WHAT THIS TASK INVOLVES: Copy out every entry, keeping each character the same.

SUPPLIED ENTRIES:
(* Let $T$ be (the surface of) a regular tetrahedron with its intrinsic path metric. The space $T\times T$ cannot be partitioned as $E_1\sqcup E_2\sqcup E_3$ with a geodesic motion-planning rule on each $E_i$.
   Context: For a metric space $X$, let $P(X)$ denote the space of paths in $X$. A geodesic motion-planning rule (GMPR) on a subset $E\subseteq X\times X$ is a continuous function $\phi:E\to P(X)$ such that for every $(x_0,x_1)\in E$, $\phi(x_0,x_1)$ is a minimal (shortest) geodesic from $x_0$ to $x_1$. *)

theory Defs
  imports "HOL-Analysis.Analysis"
begin

definition path_len :: "('a \<Rightarrow> 'a \<Rightarrow> real) \<Rightarrow> (real \<Rightarrow> 'a) \<Rightarrow> ereal" where
  "path_len d g = (SUP ts \<in> {ts::real list. ts \<noteq> [] \<and> sorted ts \<and> hd ts = 0 \<and> last ts = 1}.
      ereal (\<Sum>i<length ts - 1. d (g (ts ! i)) (g (ts ! Suc i))))"

definition mpath :: "'a set \<Rightarrow> ('a \<Rightarrow> 'a \<Rightarrow> real) \<Rightarrow> (real \<Rightarrow> 'a) \<Rightarrow> bool" where
  "mpath X d g \<longleftrightarrow> (\<forall>t\<in>{0..1}. g t \<in> X) \<and>
     (\<forall>t\<in>{0..1}. \<forall>e>0. \<exists>\<delta>>0. \<forall>s\<in>{0..1}. \<bar>s - t\<bar> < \<delta> \<longrightarrow> d (g s) (g t) < e)"

definition min_geodesic :: "'a set \<Rightarrow> ('a \<Rightarrow> 'a \<Rightarrow> real) \<Rightarrow> 'a \<Rightarrow> 'a \<Rightarrow> (real \<Rightarrow> 'a) \<Rightarrow> bool" where
  "min_geodesic X d x0 x1 g \<longleftrightarrow> mpath X d g \<and> g 0 = x0 \<and> g 1 = x1 \<and>
     path_len d g = ereal (d x0 x1)"

text \<open>Geodesic motion-planning rule on E \<subseteq> X \<times> X: continuous for the max-metric on
  X \<times> X and the uniform (= compact-open) metric on the path space P(X).\<close>
definition gmpr :: "'a set \<Rightarrow> ('a \<Rightarrow> 'a \<Rightarrow> real) \<Rightarrow> ('a \<times> 'a) set \<Rightarrow> ('a \<times> 'a \<Rightarrow> real \<Rightarrow> 'a) \<Rightarrow> bool" where
  "gmpr X d E \<phi> \<longleftrightarrow> E \<subseteq> X \<times> X \<and>
     (\<forall>p\<in>E. min_geodesic X d (fst p) (snd p) (\<phi> p)) \<and>
     (\<forall>p\<in>E. \<forall>e>0. \<exists>\<delta>>0. \<forall>q\<in>E.
        max (d (fst p) (fst q)) (d (snd p) (snd q)) < \<delta> \<longrightarrow>
        (\<forall>t\<in>{0..1}. d (\<phi> p t) (\<phi> q t) < e))"

definition tet_surface :: "(real^3) set" where
  "tet_surface = frontier (convex hull {vector [1,1,1], vector [1,-1,-1], vector [-1,1,-1], vector [-1,-1,1]})"

definition tet_dist :: "real^3 \<Rightarrow> real^3 \<Rightarrow> real" where
  "tet_dist x y = real_of_ereal (INF g \<in> {g. path g \<and> path_image g \<subseteq> tet_surface \<and>
      pathstart g = x \<and> pathfinish g = y}. path_len dist g)"

end

theory Submission
  imports Defs
begin

text \<open>
  Unfold the tetrahedron: the map \<open>tet_fold\<close> wraps the plane around the surface T, identifying
  points exactly when they differ by p \<mapsto> \<plusminus>p + 2(i, j), and it is an isometry on each lattice
  triangle for a suitable Euclidean norm \<open>hex_norm\<close>. Consequently the intrinsic distance from
  fold a to fold b is the norm-distance from a to the nearest lift of b, and every shortest
  geodesic is the fold of a straight segment to a nearest lift; in particular it passes through
  the fold of the midpoint of that segment.

  For the pair (base_x, base_y) exactly four lifts of base_y are nearest to base_x, and the four
  midpoints are far apart on T. Near this pair the set of nearest lifts can be shrunk by one
  element with an arbitrarily small perturbation. A continuous geodesic rule on E that uses the
  k-th lift at some pair of E must use a k-th midpoint, hence keep k among the nearest lifts, at
  all nearby pairs of E. Starting from the base pair and each time dropping the lift used by the
  set that contains the current pair, one obtains four pairs that lie in four different sets.
\<close>

section \<open>The triangle wave\<close>

definition tri_wave :: "real \<Rightarrow> real" where
  "tri_wave t = 1 - 2 * \<bar>t - 2 * of_int \<lfloor>(t + 1) / 2\<rfloor>\<bar>"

RESPONSE AREA:
(* Let $T$ be (the surface of) a regular tetrahedron with its intrinsic path metric. The space $T\times T$ cannot be partitioned as $E_1\sqcup E_2\sqcup E_3$ with a geodesic motion-planning rule on each $E_i$.
   Context: For a metric space $X$, let $P(X)$ denote the space of paths in $X$. A geodesic motion-planning rule (GMPR) on a subset $E\subseteq X\times X$ is a continuous function $\phi:E\to P(X)$ such that for every $(x_0,x_1)\in E$, $\phi(x_0,x_1)$ is a minimal (shortest) geodesic from $x_0$ to $x_1$. *)

theory Defs
  imports "HOL-Analysis.Analysis"
begin

definition path_len :: "('a \<Rightarrow> 'a \<Rightarrow> real) \<Rightarrow> (real \<Rightarrow> 'a) \<Rightarrow> ereal" where
  "path_len d g = (SUP ts \<in> {ts::real list. ts \<noteq> [] \<and> sorted ts \<and> hd ts = 0 \<and> last ts = 1}.
      ereal (\<Sum>i<length ts - 1. d (g (ts ! i)) (g (ts ! Suc i))))"

definition mpath :: "'a set \<Rightarrow> ('a \<Rightarrow> 'a \<Rightarrow> real) \<Rightarrow> (real \<Rightarrow> 'a) \<Rightarrow> bool" where
  "mpath X d g \<longleftrightarrow> (\<forall>t\<in>{0..1}. g t \<in> X) \<and>
     (\<forall>t\<in>{0..1}. \<forall>e>0. \<exists>\<delta>>0. \<forall>s\<in>{0..1}. \<bar>s - t\<bar> < \<delta> \<longrightarrow> d (g s) (g t) < e)"

definition min_geodesic :: "'a set \<Rightarrow> ('a \<Rightarrow> 'a \<Rightarrow> real) \<Rightarrow> 'a \<Rightarrow> 'a \<Rightarrow> (real \<Rightarrow> 'a) \<Rightarrow> bool" where
  "min_geodesic X d x0 x1 g \<longleftrightarrow> mpath X d g \<and> g 0 = x0 \<and> g 1 = x1 \<and>
     path_len d g = ereal (d x0 x1)"

text \<open>Geodesic motion-planning rule on E \<subseteq> X \<times> X: continuous for the max-metric on
  X \<times> X and the uniform (= compact-open) metric on the path space P(X).\<close>
definition gmpr :: "'a set \<Rightarrow> ('a \<Rightarrow> 'a \<Rightarrow> real) \<Rightarrow> ('a \<times> 'a) set \<Rightarrow> ('a \<times> 'a \<Rightarrow> real \<Rightarrow> 'a) \<Rightarrow> bool" where
  "gmpr X d E \<phi> \<longleftrightarrow> E \<subseteq> X \<times> X \<and>
     (\<forall>p\<in>E. min_geodesic X d (fst p) (snd p) (\<phi> p)) \<and>
     (\<forall>p\<in>E. \<forall>e>0. \<exists>\<delta>>0. \<forall>q\<in>E.
        max (d (fst p) (fst q)) (d (snd p) (snd q)) < \<delta> \<longrightarrow>
        (\<forall>t\<in>{0..1}. d (\<phi> p t) (\<phi> q t) < e))"

definition tet_surface :: "(real^3) set" where
  "tet_surface = frontier (convex hull {vector [1,1,1], vector [1,-1,-1], vector [-1,1,-1], vector [-1,-1,1]})"

definition tet_dist :: "real^3 \<Rightarrow> real^3 \<Rightarrow> real" where
  "tet_dist x y = real_of_ereal (INF g \<in> {g. path g \<and> path_image g \<subseteq> tet_surface \<and>
      pathstart g = x \<and> pathfinish g = y}. path_len dist g)"

end

theory Submission
  imports Defs
begin

text \<open>
  Unfold the tetrahedron: the map \<open>tet_fold\<close> wraps the plane around the surface T, identifying
  points exactly when they differ by p \<mapsto> \<plusminus>p + 2(i, j), and it is an isometry on each lattice
  triangle for a suitable Euclidean norm \<open>hex_norm\<close>. Consequently the intrinsic distance from
  fold a to fold b is the norm-distance from a to the nearest lift of b, and every shortest
  geodesic is the fold of a straight segment to a nearest lift; in particular it passes through
  the fold of the midpoint of that segment.

  For the pair (base_x, base_y) exactly four lifts of base_y are nearest to base_x, and the four
  midpoints are far apart on T. Near this pair the set of nearest lifts can be shrunk by one
  element with an arbitrarily small perturbation. A continuous geodesic rule on E that uses the
  k-th lift at some pair of E must use a k-th midpoint, hence keep k among the nearest lifts, at
  all nearby pairs of E. Starting from the base pair and each time dropping the lift used by the
  set that contains the current pair, one obtains four pairs that lie in four different sets.
\<close>

section \<open>The triangle wave\<close>

definition tri_wave :: "real \<Rightarrow> real" where
  "tri_wave t = 1 - 2 * \<bar>t - 2 * of_int \<lfloor>(t + 1) / 2\<rfloor>\<bar>"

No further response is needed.